#### [What to work on]
Go through the data below and return each line containing the word "define".

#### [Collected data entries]
● ● ●

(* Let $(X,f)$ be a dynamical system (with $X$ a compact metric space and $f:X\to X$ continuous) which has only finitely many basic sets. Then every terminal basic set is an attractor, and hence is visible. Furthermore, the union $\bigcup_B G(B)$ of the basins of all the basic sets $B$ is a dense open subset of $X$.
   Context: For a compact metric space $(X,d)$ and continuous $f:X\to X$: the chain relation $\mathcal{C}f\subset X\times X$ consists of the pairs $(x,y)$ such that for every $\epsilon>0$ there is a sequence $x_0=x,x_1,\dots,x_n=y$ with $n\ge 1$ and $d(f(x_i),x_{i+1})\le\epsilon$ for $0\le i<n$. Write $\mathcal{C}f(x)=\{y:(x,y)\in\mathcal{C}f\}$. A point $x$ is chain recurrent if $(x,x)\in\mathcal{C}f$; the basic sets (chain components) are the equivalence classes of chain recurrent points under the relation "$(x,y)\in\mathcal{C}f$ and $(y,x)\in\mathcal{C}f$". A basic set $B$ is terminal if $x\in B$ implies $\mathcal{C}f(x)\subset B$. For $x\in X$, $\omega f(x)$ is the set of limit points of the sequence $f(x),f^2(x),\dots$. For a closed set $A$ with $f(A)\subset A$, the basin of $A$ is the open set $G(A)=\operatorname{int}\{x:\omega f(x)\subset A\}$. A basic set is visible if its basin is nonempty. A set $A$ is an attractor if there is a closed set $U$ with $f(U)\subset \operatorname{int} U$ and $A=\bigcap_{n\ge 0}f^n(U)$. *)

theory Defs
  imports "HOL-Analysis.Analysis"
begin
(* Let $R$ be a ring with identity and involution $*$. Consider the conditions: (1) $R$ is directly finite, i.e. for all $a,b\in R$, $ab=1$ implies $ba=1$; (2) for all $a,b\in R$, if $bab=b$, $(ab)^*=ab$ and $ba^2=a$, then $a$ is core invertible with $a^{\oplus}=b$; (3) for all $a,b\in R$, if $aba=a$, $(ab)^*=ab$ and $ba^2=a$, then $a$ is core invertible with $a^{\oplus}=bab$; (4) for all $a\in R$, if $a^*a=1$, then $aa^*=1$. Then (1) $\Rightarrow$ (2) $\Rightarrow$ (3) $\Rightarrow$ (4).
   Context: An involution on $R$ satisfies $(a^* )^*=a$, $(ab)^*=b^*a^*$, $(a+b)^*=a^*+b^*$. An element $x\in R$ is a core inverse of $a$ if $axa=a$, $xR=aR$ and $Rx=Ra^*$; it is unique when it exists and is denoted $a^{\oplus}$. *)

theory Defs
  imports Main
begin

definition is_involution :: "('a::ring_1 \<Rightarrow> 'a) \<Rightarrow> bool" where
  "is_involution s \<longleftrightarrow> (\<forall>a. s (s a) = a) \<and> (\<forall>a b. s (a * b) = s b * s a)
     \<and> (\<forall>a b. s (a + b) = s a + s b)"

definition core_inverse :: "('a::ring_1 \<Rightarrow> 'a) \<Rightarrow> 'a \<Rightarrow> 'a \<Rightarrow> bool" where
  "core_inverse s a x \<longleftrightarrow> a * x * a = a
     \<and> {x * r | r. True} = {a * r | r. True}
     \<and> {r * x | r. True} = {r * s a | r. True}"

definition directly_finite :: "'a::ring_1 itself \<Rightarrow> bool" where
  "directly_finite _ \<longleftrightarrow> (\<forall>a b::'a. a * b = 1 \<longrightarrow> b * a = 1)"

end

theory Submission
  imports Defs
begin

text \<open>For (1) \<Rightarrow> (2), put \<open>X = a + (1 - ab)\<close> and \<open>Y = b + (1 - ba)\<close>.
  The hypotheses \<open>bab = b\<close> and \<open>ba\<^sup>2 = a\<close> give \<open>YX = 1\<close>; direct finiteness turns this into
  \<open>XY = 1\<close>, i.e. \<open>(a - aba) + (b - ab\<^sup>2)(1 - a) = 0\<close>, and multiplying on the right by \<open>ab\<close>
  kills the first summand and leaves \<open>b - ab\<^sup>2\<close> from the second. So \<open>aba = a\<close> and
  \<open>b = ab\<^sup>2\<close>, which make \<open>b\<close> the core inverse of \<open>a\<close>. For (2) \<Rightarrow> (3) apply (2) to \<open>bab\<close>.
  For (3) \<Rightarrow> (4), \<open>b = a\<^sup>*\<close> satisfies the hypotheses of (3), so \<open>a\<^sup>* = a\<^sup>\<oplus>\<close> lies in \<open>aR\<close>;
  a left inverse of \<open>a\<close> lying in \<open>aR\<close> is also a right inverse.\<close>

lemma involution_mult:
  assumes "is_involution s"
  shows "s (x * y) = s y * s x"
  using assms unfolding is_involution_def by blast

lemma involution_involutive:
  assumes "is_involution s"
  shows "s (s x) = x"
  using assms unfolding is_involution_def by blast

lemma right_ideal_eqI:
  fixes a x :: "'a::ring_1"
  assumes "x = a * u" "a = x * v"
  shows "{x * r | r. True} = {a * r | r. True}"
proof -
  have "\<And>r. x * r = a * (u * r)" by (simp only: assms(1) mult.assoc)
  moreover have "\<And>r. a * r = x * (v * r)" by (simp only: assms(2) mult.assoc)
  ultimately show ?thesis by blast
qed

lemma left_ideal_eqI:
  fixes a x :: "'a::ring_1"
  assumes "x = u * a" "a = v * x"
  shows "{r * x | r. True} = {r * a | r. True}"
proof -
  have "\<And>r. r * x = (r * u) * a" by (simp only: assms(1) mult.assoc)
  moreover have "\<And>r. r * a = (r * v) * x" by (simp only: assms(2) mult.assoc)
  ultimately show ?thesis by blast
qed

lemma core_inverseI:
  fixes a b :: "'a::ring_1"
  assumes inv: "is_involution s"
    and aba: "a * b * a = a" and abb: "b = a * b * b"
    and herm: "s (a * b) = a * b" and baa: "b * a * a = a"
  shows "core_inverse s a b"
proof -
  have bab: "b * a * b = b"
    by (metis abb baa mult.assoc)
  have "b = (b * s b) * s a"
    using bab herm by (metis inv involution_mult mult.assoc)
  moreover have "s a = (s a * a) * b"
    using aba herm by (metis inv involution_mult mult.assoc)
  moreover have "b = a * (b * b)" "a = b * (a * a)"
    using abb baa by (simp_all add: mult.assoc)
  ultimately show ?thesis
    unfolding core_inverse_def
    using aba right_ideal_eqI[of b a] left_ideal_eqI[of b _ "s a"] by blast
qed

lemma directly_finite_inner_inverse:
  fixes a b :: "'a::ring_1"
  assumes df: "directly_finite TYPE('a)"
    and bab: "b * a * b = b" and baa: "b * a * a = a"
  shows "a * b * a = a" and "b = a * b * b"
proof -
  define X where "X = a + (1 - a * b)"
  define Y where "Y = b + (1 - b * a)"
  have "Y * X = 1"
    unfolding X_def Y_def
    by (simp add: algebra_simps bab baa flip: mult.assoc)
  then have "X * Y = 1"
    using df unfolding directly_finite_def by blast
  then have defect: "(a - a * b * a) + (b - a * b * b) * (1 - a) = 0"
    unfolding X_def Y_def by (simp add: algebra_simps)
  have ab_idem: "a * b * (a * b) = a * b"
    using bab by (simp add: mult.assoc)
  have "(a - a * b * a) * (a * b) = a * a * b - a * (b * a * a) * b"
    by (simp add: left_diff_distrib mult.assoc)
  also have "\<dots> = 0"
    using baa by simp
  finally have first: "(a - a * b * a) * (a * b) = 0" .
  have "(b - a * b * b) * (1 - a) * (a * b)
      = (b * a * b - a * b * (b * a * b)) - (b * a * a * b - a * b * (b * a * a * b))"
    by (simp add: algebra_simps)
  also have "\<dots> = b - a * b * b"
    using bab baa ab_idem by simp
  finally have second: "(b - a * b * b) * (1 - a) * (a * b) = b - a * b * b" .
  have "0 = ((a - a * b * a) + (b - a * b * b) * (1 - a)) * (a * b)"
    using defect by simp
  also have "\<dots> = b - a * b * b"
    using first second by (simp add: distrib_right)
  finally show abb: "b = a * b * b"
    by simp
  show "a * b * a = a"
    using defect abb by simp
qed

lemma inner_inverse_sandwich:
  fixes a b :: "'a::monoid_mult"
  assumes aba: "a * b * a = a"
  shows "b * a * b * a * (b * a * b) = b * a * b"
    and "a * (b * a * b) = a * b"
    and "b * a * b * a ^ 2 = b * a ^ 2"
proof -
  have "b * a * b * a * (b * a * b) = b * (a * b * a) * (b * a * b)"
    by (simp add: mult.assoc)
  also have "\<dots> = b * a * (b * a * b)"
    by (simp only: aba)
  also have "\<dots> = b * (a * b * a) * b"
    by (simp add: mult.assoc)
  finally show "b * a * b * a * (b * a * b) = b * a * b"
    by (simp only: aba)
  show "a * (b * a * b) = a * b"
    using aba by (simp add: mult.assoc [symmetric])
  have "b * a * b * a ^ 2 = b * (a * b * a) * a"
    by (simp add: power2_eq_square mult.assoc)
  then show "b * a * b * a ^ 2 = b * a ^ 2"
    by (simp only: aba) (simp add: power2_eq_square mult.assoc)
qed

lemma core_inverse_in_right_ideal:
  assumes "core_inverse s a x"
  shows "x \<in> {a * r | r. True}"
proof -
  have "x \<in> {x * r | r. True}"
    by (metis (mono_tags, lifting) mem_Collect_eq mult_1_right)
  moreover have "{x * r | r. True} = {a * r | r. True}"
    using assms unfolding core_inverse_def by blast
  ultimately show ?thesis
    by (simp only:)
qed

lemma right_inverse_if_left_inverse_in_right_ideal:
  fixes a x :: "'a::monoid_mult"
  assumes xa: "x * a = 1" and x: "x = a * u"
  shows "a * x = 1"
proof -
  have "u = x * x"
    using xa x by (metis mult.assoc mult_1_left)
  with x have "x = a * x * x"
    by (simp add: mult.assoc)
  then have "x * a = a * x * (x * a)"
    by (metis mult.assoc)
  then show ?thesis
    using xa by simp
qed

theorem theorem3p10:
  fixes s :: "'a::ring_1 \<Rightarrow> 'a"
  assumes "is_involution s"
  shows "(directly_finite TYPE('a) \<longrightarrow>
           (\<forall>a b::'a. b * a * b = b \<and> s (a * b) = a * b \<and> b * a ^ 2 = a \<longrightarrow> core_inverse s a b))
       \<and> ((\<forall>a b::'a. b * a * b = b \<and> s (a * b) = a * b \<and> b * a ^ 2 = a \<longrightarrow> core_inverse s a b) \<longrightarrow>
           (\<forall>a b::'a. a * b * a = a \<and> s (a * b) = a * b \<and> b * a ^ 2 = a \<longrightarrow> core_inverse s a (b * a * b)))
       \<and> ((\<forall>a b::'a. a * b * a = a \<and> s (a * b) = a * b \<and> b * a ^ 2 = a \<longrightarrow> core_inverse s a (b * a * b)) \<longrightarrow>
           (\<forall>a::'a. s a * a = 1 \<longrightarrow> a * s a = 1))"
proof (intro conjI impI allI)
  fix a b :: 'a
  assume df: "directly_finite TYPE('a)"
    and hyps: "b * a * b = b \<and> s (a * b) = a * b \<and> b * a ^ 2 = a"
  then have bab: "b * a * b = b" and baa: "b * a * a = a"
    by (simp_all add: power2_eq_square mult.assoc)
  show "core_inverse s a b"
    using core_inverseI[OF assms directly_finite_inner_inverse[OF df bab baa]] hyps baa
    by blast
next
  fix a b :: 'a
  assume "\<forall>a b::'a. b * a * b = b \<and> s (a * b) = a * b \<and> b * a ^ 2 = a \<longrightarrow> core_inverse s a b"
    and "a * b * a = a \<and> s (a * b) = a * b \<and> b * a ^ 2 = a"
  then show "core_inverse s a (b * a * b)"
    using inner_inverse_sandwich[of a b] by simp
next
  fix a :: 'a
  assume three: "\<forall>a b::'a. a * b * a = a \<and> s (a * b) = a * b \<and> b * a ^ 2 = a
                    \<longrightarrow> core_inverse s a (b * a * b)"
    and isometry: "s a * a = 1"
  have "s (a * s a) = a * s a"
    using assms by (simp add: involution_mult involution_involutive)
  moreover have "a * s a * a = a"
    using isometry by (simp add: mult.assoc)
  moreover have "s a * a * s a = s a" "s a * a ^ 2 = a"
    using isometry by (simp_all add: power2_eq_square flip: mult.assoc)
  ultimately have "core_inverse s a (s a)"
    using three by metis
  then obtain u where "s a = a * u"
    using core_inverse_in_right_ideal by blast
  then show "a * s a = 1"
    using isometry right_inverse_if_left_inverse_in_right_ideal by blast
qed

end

● ● ●

#### [Output below]
  define X where "X = a + (1 - a * b)"
  define Y where "Y = b + (1 - b * a)"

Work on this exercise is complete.